PERSON SPECIFICATION
The post holder should embody and demonstrate our core Crick values: Bold, Imaginative, Open, Dynamic and Collegial, in addition to the following:
Essential
PhD in the areas of Developmental Biology, Stem Cells, Molecular Biology or similar (or in the final stages of PhD submission)
Good knowledge and experience in molecular biology and microscopy
Technical expertise in embryo and/or cell culture
Proven track record of research (i.e. publication record)

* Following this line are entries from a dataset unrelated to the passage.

(* Let $0\le k\le n-1$ and let $(\rho,V)$ be an $R[P_n]$-module. Then $(\Phi^-)^kV\simeq V_{U_{n,k},\psi_R}$, the $(U_{n,k},\psi_R)$-coinvariants of $V$. In particular, the $n$-th derivative satisfies $V^{(n)}\simeq V_{N_n,\psi_R}$.
   Context: Let $p$ be a prime, $q$ a power of $p$, $G_n=\mathrm{GL}_n(\mathbb{F}_q)$, $R$ a commutative Noetherian $\mathbb{Z}[\frac1p,\zeta_p]$-algebra, $\psi:(\mathbb{F}_q,+)\to\mathbb{Z}[\frac1p,\zeta_p]^\times$ nontrivial with image $\psi_R$ in $R^\times$. $P_n$ is the mirabolic subgroup (last row $(0,\dots,0,1)$), $U_n=\{\begin{psmallmatrix}I_{n-1}&y\\0&1\end{psmallmatrix}\}$, $N_n$ the upper unipotent subgroup, and $U_{n,k}=\{\begin{psmallmatrix}I_{n-k}&z\\0&y\end{psmallmatrix}:z\in\mathrm{Mat}_{n-k,k}(\mathbb{F}_q),y\in N_k\}$ (so $U_{n,1}=U_n$, $U_{n,n-1}=N_n$). On $U_{n,k}$ (and $N_n$), $\psi_R(u)=\psi_R(\sum_{i=1}^{n-1}u_{i,i+1})$. $V_{H,\psi_R}=V/\langle hv-\psi_R(h)v\rangle$. For an $R[P_n]$-module $V$, $\Phi^-(V)=V/\langle uv-\psi_R(u)v:u\in U_n\rangle$, an $R[P_{n-1}]$-module ($P_{n-1}\subset G_{n-1}$ embedded top-left); $\Psi^-(V)=V/\langle uv-v:u\in U_n\rangle$, an $R[G_{n-1}]$-module; the $k$-th derivative is $V^{(k)}=\Psi^-(\Phi^-)^{k-1}(V)$, and $\Psi^-$ on $R[P_1]$-modules is the identity. *)

theory Defs
  imports "HOL-Number_Theory.Number_Theory"
begin

definition ring_ideal :: "'r::comm_ring_1 set \<Rightarrow> bool" where
  "ring_ideal I \<longleftrightarrow> 0 \<in> I \<and> (\<forall>a\<in>I. \<forall>b\<in>I. a + b \<in> I) \<and> (\<forall>r. \<forall>a\<in>I. r * a \<in> I)"

definition noetherian :: "'r::comm_ring_1 itself \<Rightarrow> bool" where
  "noetherian _ \<longleftrightarrow> (\<forall>I::'r set. ring_ideal I \<longrightarrow>
      (\<exists>S. finite S \<and> S \<subseteq> I \<and> I = {\<Sum>s\<in>S. c s * s | c. True}))"

section \<open>Matrices of size n over a field, as functions nat => nat => 'f, zero outside n x n\<close>

type_synonym 'f mat = "nat \<Rightarrow> nat \<Rightarrow> 'f"

definition canon :: "nat \<Rightarrow> 'f::field mat \<Rightarrow> bool" where
  "canon n A \<longleftrightarrow> (\<forall>i j. (n \<le> i \<or> n \<le> j) \<longrightarrow> A i j = 0)"

definition mone :: "nat \<Rightarrow> 'f::field mat" where
  "mone n = (\<lambda>i j. if i = j \<and> i < n then 1 else 0)"

definition mmult :: "nat \<Rightarrow> 'f::field mat \<Rightarrow> 'f mat \<Rightarrow> 'f mat" where
  "mmult n A B = (\<lambda>i j. if i < n \<and> j < n then (\<Sum>l<n. A i l * B l j) else 0)"

definition GL :: "nat \<Rightarrow> 'f::field mat set" where
  "GL n = {A. canon n A \<and> (\<exists>B. canon n B \<and> mmult n A B = mone n \<and> mmult n B A = mone n)}"

definition Pmir :: "nat \<Rightarrow> 'f::field mat set" where
  "Pmir n = {A \<in> GL n. \<forall>j<n. A (n - 1) j = (if j = n - 1 then 1 else 0)}"

text \<open>U_{n,k} = {[[I_{n-k}, z],[0, y]] : y in N_k}. U_n = Unk n 1, N_n = Unk n (n-1).\<close>
definition Unk :: "nat \<Rightarrow> nat \<Rightarrow> 'f::field mat set" where
  "Unk n k = {A. canon n A \<and> (\<forall>i<n. \<forall>j<n.
      (j < n - k \<longrightarrow> A i j = (if i = j then 1 else 0)) \<and>
      (n - k \<le> i \<and> n - k \<le> j \<longrightarrow> (j < i \<longrightarrow> A i j = 0) \<and> (i = j \<longrightarrow> A i j = 1)))}"

text \<open>psi_R(u) = psi_R(sum_{i=1}^{n-1} u_{i,i+1}) (0-based indices here).\<close>
definition psiU :: "('f::field \<Rightarrow> 'r) \<Rightarrow> nat \<Rightarrow> 'f mat \<Rightarrow> 'r" where
  "psiU \<psi> n u = \<psi> (\<Sum>i<n - 1. u i (Suc i))"

definition emb :: "nat \<Rightarrow> nat \<Rightarrow> 'f::field mat \<Rightarrow> 'f mat" where
  "emb m n A = (\<lambda>i j. if i < m \<and> j < m then A i j else if i = j \<and> i < n then 1 else 0)"

definition rmod :: "('r::comm_ring_1 \<Rightarrow> 'v::ab_group_add \<Rightarrow> 'v) \<Rightarrow> bool" where
  "rmod sm \<longleftrightarrow> (\<forall>r x y. sm r (x + y) = sm r x + sm r y) \<and>
     (\<forall>r s x. sm (r + s) x = sm r x + sm s x) \<and>
     (\<forall>r s x. sm (r * s) x = sm r (sm s x)) \<and> (\<forall>x. sm 1 x = x)"

definition prep :: "nat \<Rightarrow> ('r::comm_ring_1 \<Rightarrow> 'v::ab_group_add \<Rightarrow> 'v) \<Rightarrow> ('f::field mat \<Rightarrow> 'v \<Rightarrow> 'v) \<Rightarrow> bool" where
  "prep n sm \<rho> \<longleftrightarrow> rmod sm \<and>
     (\<forall>g\<in>Pmir n. \<forall>r x y. \<rho> g (sm r x + y) = sm r (\<rho> g x) + \<rho> g y) \<and>
     (\<forall>x. \<rho> (mone n) x = x) \<and>
     (\<forall>g\<in>Pmir n. \<forall>h\<in>Pmir n. \<forall>x. \<rho> (mmult n g h) x = \<rho> g (\<rho> h x))"

definition submod :: "('r::comm_ring_1 \<Rightarrow> 'v::ab_group_add \<Rightarrow> 'v) \<Rightarrow> 'v set \<Rightarrow> bool" where
  "submod sm W \<longleftrightarrow> 0 \<in> W \<and> (\<forall>a\<in>W. \<forall>b\<in>W. a + b \<in> W) \<and> (\<forall>r. \<forall>a\<in>W. sm r a \<in> W)"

Excellent communication skills required – both oral and written presentation
Ability to communicate ideas and results effectively and interact fluidly with computational biologists
Ability to work independently and organise own workload
Ability to design experiments, report on research progress and outcomes openly and review methodologies in response to feedback
Highly motivated, organized and analytical
Ability to update knowledge in the specialist area and implement relevant technologies to advance the project
Desirable
Experience in preimplantation mouse or human embryo culture
Experience in human and mouse pluripotent stem cell culture
Experience in preparing samples for advanced sequencing
Experience in genome editing using CRISPR-Cas9 technology
Experience in lentivirus production and transduction
Postdoctoral Training Fellows are expected to lead their own projects, contribute to other projects on a collaborative basis (both in the lab and with external collaborators) and guide PhD students in their research. The ability to work in a team is essential.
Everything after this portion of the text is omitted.